In the largest protest since President Boris Yeltsin was re-elected, hundreds of thousands of workers angered by unpaid wages walked off their jobs Thursday.
Marching behind red banners in hundreds of cities from Moscow to Vladivostok, long lines of workers paraded through the main streets and squares, demanding the government lead the country out of its economic crisis."Our patience has blown up," said Ivan Ivanov, 60, a retired shipyard worker in the Far Eastern port of Vladivostok who hasn't received his pension in three months.
Thousands of extra police patrolled streets in all major cities. However, as with previous strikes, the turnout appeared to fall well short of organizers' expectations of 17 million strikers nationwide.
The Interior Ministry reported 500,000 people participating by midafternoon. There were no reports of serious trouble, and the walkout was not disrupting any key industries.
Still, the strike, one of many in recent months, was the biggest public protest since Yeltsin was re-elected in July.
Prime Minister Viktor Chernomyrdin called it "a vivid indication of the acuteness of the accumulated problems," the ITAR-Tass news agency reported.

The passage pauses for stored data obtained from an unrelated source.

lemma word_comp_Suc_case_nat: "word_comp S (case_nat i x) (Suc n) z = S i (word_comp S x n z)"
proof (induction n arbitrary: z)
  case (Suc n)
  have "word_comp S (case_nat i x) (Suc (Suc n)) z = word_comp S (case_nat i x) (Suc n) (S (x n) z)"
    by (simp only: word_comp.simps(2)[of S "case_nat i x" "Suc n"] comp_def nat.case)
  also have "\<dots> = S i (word_comp S x n (S (x n) z))"
    by (rule Suc.IH)
  finally show ?case
    by simp
qed simp

lemma finite_sets_disjointed_cover:
  assumes "finite DD" and "DD \<subseteq> sets N"
  obtains h C where "bij_betw h {..<card DD} DD" "\<And>j. C j \<in> sets N" "disjoint_family C"
    "(\<Union>j<Suc (card DD). C j) = space N" "\<And>j. j < card DD \<Longrightarrow> C j \<subseteq> h j"
    "C (card DD) \<subseteq> space N - \<Union>DD"
proof -
  obtain h where h: "bij_betw h {..<card DD} DD"
    using ex_bij_betw_nat_finite[OF assms(1)] by (auto simp: atLeast0LessThan)
  define A where "A j = (if j < card DD then h j else space N - \<Union>DD)" for j
  have "\<Union>DD \<in> sets N"
    using assms by (intro sets.finite_Union) auto
  then have "range A \<subseteq> sets N"
    using h assms(2) by (auto simp: A_def bij_betw_def)
  have cover: "(\<Union>j<Suc (card DD). A j) = space N"
  proof (intro equalityI subsetI)
    fix x assume "x \<in> space N"
    show "x \<in> (\<Union>j<Suc (card DD). A j)"
    proof (cases "x \<in> \<Union>DD")
      case True
      then obtain j where "j < card DD" "x \<in> h j"
        using bij_betw_imp_surj_on[OF h] by blast
      then show ?thesis
        unfolding A_def by (intro UN_I[of j]) auto
    next
      case False
      then show ?thesis
        using \<open>x \<in> space N\<close> unfolding A_def by (intro UN_I[of "card DD"]) auto
    qed
  qed (use \<open>range A \<subseteq> sets N\<close> sets.sets_into_space in blast)
  show ?thesis
  proof (rule that[of h "disjointed A"])
    show "disjointed A j \<in> sets N" for j
      using sets.range_disjointed_sets[OF \<open>range A \<subseteq> sets N\<close>] by blast
    show "(\<Union>j<Suc (card DD). disjointed A j) = space N"
      using finite_UN_disjointed_eq[of A "Suc (card DD)"] cover by (simp add: atLeast0LessThan)
    show "disjointed A j \<subseteq> h j" if "j < card DD" for j
      using disjointed_subset[of A j] that by (simp add: A_def)
    show "disjointed A (card DD) \<subseteq> space N - \<Union>DD"
      using disjointed_subset[of A "card DD"] by (simp add: A_def)
  qed (use h disjoint_family_disjointed in auto)
qed

lemma subalgebra_vimage_algebra:
  "f \<in> measurable M N \<Longrightarrow> subalgebra M (vimage_algebra (space M) f N)"
  by (simp add: subalgebra_def sets_image_in_sets)

locale ifs =
  fixes l :: nat and p :: "nat \<Rightarrow> real" and S :: "nat \<Rightarrow> 'a::euclidean_space \<Rightarrow> 'a"
  assumes contr: "\<And>i. i \<in> {1..l} \<Longrightarrow> contraction (S i)"
    and p_pos: "\<And>i. i \<in> {1..l} \<Longrightarrow> 0 < p i"
    and p_sum: "(\<Sum>i\<in>{1..l}. p i) = 1"
begin

abbreviation "L \<equiv> letter_measure l p"
abbreviation "M \<equiv> bernoulli_measure l p"
abbreviation "\<mu> \<equiv> ifs_measure l p S"

lemma space_letter_measure [simp]: "space L = {1..l}"
  by (simp add: letter_measure_def space_point_measure)

lemma sets_letter_measure [simp]: "sets L = Pow {1..l}"
  by (simp add: letter_measure_def sets_point_measure)

lemma measure_letter_measure: "i \<in> {1..l} \<Longrightarrow> measure L {i} = p i"
  using p_pos unfolding letter_measure_def
  by (subst measure_point_measure_finite_if) (auto simp: less_imp_le)

lemma prob_space_letter_measure: "prob_space L"
proof
  have "emeasure L {1..l} = (\<Sum>i\<in>{1..l}. ennreal (p i))"
    unfolding letter_measure_def by (rule emeasure_point_measure_finite) auto
  also have "\<dots> = ennreal (\<Sum>i\<in>{1..l}. p i)"
    using p_pos by (intro sum_ennreal) (auto intro: less_imp_le)
  finally show "emeasure L (space L) = 1"
    using p_sum by simp
qed

sublocale bernoulli: sequence_space L
  by (simp add: sequence_space_def product_prob_space_def product_prob_space_axioms_def
      product_sigma_finite_def prob_space_letter_measure prob_space_imp_sigma_finite)

lemma bernoulli_measure_eq: "M = (\<Pi>\<^sub>M i\<in>UNIV. L)"
  by (simp add: bernoulli_measure_def)

lemma space_bernoulli_measure: "space M = PiE UNIV (\<lambda>_. {1..l})"
  by (simp add: bernoulli_measure_def space_PiM)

He said help was on the way, though many Russians have grown skeptical of government pledges to pay billions of dollars in overdue pensions and wages.
In Moscow, about 10,000 demonstrators thronged off Red Square, waving Soviet flags with the traditional hammer and sickle and carrying banners denouncing Yeltsin and his top economic policy maker, Anatoly Chubais.
"Chubais - Pack Your Bags!" read one of the red banners. A few blue trade-union flags were interspersed.
Mikhail Shmakov, head the Russian Independent Trade Union Federation, which organized the protest, declared the strike a success. He claimed official reports minimized the size of demonstrations elsewhere.
Yeltsin's government has repeatedly failed to deliver on promises to pay wages and pensions that are months in arrears. The crisis affects millions of Russians.